Avevo pensato di regalarne uno al nipotino ma quello che non mi ha convinto è che non ho trovato modo per farlo andare dove mi pare e preferirei poter scegliere dove inviarli.

----------

## Peach

a tal proposito:

XO and l'EeePC: Comparing Size, Keyboard and Screens

----------

## Kernel78

 *Peach wrote:*   

> a tal proposito:
> 
> XO and l'EeePC: Comparing Size, Keyboard and Screens

 

kakkio, ho trovato solo adesso il tempo per guardarlo ...

Il maggior fattore che mi frenava nell'acquistare un eee è la dimensione della tastiera e vedere che quella dell'XO ha dei tasti ancora più piccoli mi ha fatto rabbrividire ...
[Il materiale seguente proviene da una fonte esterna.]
(* Let $r\in[0,1]$ and let $a\in A$ be such that the pure state $\delta_a$ (all mass on $a$) is stationary under the recombinator dynamics with recombination rate $r$. Suppose: (1) $u(a,a)>u((a'_d,a_{-d}),a)$ for every dimension $d\in D$ and every trait $a'_d\in A_d$ with $a'_d\ne a_d$; and (2) $u(a,a)>(1-r)\,u(a',a)$ for every type $a'\in A$ with $a'\ne a$. Then $\delta_a$ is asymptotically stable under the recombinator dynamics with recombination rate $r$.
   Context: Setting: $D=\{1,\dots,|D|\}$ finite, $|D|\ge2$; finite trait sets $A_d$; types $A=\prod_dA_d$, $a=(a_d,a_{-d})$ with $a_{-d}\in\prod_{d'\ne d}A_{d'}$. Payoff $u:A\times A\to\mathbb{R}_{>0}$, $u(a,a')$ being the payoff of type $a$ against type $a'$. For a state $x\in\Delta(A)$: $u_x(a)=\sum_{a'}x(a')u(a,a')$, $u_x=\sum_ax(a)u_x(a)$, $x(a_d)=\sum_{a_{-d}}x(a_d,a_{-d})$, and for $x(a_d)>0$, $u_x(a_d)=\frac1{x(a_d)}\sum_{a_{-d}}x(a_d,a_{-d})u_x(a_d,a_{-d})$ (with $x(a_d)u_x(a_d):=\sum_{a_{-d}}x(a_d,a_{-d})u_x(a_d,a_{-d})$). Recombinator dynamics with rate $r$: $\dot x(a)=(1-r)\frac{x(a)u_x(a)}{u_x}+r\prod_{a_d\in a}\frac{x(a_d)u_x(a_d)}{u_x}-x(a)$. A state is stationary if $\dot x=0$ there. A state $x^*$ is asymptotically stable if it is Lyapunov stable (for every neighbourhood $U$ of $x^*$ there is a neighbourhood $V\subseteq U$ with $x^0\in V\Rightarrow x^t\in U$ for all $t>0$) and there is an open neighbourhood $U$ of $x^*$ with $x^0\in U\Rightarrow \lim_{t\to\infty}x^t=x^*$. *)

theory Defs
  imports "HOL-Analysis.Analysis"
begin

text \<open>Dimensions D are the finite type 'd; traits live in a finite type 'b and the
trait set of dimension d is Ad d.\<close>

definition types :: "('d \<Rightarrow> 'b set) \<Rightarrow> ('d \<Rightarrow> 'b) set" where
  "types Ad = {a. \<forall>d. a d \<in> Ad d}"

definition state_space :: "('d \<Rightarrow> 'b set) \<Rightarrow> (real ^ ('d::finite \<Rightarrow> 'b::finite)) set" where
  "state_space Ad = {x. (\<forall>a. 0 \<le> x $ a) \<and> (\<forall>a. a \<notin> types Ad \<longrightarrow> x $ a = 0)
                    \<and> (\<Sum>a\<in>types Ad. x $ a) = 1}"

definition pure_state :: "('d::finite \<Rightarrow> 'b::finite) \<Rightarrow> real ^ ('d \<Rightarrow> 'b)" where
  "pure_state a = (\<chi> b. if b = a then 1 else 0)"

definition payoff_vs :: "('d \<Rightarrow> 'b set) \<Rightarrow> (('d \<Rightarrow> 'b) \<Rightarrow> ('d \<Rightarrow> 'b) \<Rightarrow> real)
    \<Rightarrow> real ^ ('d::finite \<Rightarrow> 'b::finite) \<Rightarrow> ('d \<Rightarrow> 'b) \<Rightarrow> real" where
  "payoff_vs Ad u x a = (\<Sum>a'\<in>types Ad. x $ a' * u a a')"

definition mean_payoff :: "('d \<Rightarrow> 'b set) \<Rightarrow> (('d \<Rightarrow> 'b) \<Rightarrow> ('d \<Rightarrow> 'b) \<Rightarrow> real)
    \<Rightarrow> real ^ ('d::finite \<Rightarrow> 'b::finite) \<Rightarrow> real" where
  "mean_payoff Ad u x = (\<Sum>a\<in>types Ad. x $ a * payoff_vs Ad u x a)"

text \<open>x(a_d) u_x(a_d) = sum over a_{-d} of x(a_d,a_{-d}) u_x(a_d,a_{-d})\<close>
definition trait_mass_payoff :: "('d \<Rightarrow> 'b set) \<Rightarrow> (('d \<Rightarrow> 'b) \<Rightarrow> ('d \<Rightarrow> 'b) \<Rightarrow> real)
    \<Rightarrow> real ^ ('d::finite \<Rightarrow> 'b::finite) \<Rightarrow> 'd \<Rightarrow> 'b \<Rightarrow> real" where
  "trait_mass_payoff Ad u x d t = (\<Sum>a\<in>{a\<in>types Ad. a d = t}. x $ a * payoff_vs Ad u x a)"

definition recomb_field :: "('d \<Rightarrow> 'b set) \<Rightarrow> (('d \<Rightarrow> 'b) \<Rightarrow> ('d \<Rightarrow> 'b) \<Rightarrow> real) \<Rightarrow> real
    \<Rightarrow> real ^ ('d::finite \<Rightarrow> 'b::finite) \<Rightarrow> real ^ ('d \<Rightarrow> 'b)" where
  "recomb_field Ad u r x = (\<chi> a.
      (1 - r) * (x $ a * payoff_vs Ad u x a) / mean_payoff Ad u x
      + r * (\<Prod>d\<in>UNIV. trait_mass_payoff Ad u x d (a d) / mean_payoff Ad u x)
      - x $ a)"

definition stationary :: "('d \<Rightarrow> 'b set) \<Rightarrow> (('d \<Rightarrow> 'b) \<Rightarrow> ('d \<Rightarrow> 'b) \<Rightarrow> real) \<Rightarrow> real
    \<Rightarrow> real ^ ('d::finite \<Rightarrow> 'b::finite) \<Rightarrow> bool" where
  "stationary Ad u r x \<longleftrightarrow> recomb_field Ad u r x = 0"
La dimensione del monitor per me non è fondamentale, ovviamente non sarebbe la mia macchina primaria ma solo un "muletto", pensavo di selezionarmi sul fisso le notizie che voglio approfondire e poi scaricarmele sul eee per potermele leggere in treno o quando sono a zonzo sui mezzi ...

----------

## Peach

 *Kernel78 wrote:*   

> Il maggior fattore che mi frenava nell'acquistare un eee è la dimensione della tastiera e vedere che quella dell'XO ha dei tasti ancora più piccoli mi ha fatto rabbrividire ..

 

cmq facci caso: i tasti saranno stati anche fatti per un bambino ma notavo che almeno hanno avuto il pensiero di distanziarli un po' tra di loro. come diceva qualcuno che s'è preso l'XO, nonostante avesse le dita ciccione, riusciva a scrivere comodamente.

----------

## Kernel78

 *Peach wrote:*   

> cmq facci caso: i tasti saranno stati anche fatti per un bambino ma notavo che almeno hanno avuto il pensiero di distanziarli un po' tra di loro. come diceva qualcuno che s'è preso l'XO, nonostante avesse le dita ciccione, riusciva a scrivere comodamente.

 

se usi solo gli indici riesci a scrivere agevolmente ma a voler usare più dita ti si incastrano (cacchio su 4 tasti l'XO è più stretto di mezzo pollice  :Shocked:  )

alla fine non ho le dita ciccione e quindi non mi serve avere spazio tra i tasti ma la tastiera più grande è per me una caratteristica fondamentale (infatti come già dicevo è questo il mio unico blocco nell'acquisto, devo passare a vederlo dal vivo per chiarirmi le idee)

----------

## randomaze

Per rispondere al subject del thread: gentoo-wiki

Concordo con chi suggerisce di non compilare direttamente sull'e³pc ma usare un PC esterno (peraltro, nonostante sia ovunque riportato che la CPU é a 900MHz nessuno dice che dalla fabbrica esce downcloccata a 600MHz).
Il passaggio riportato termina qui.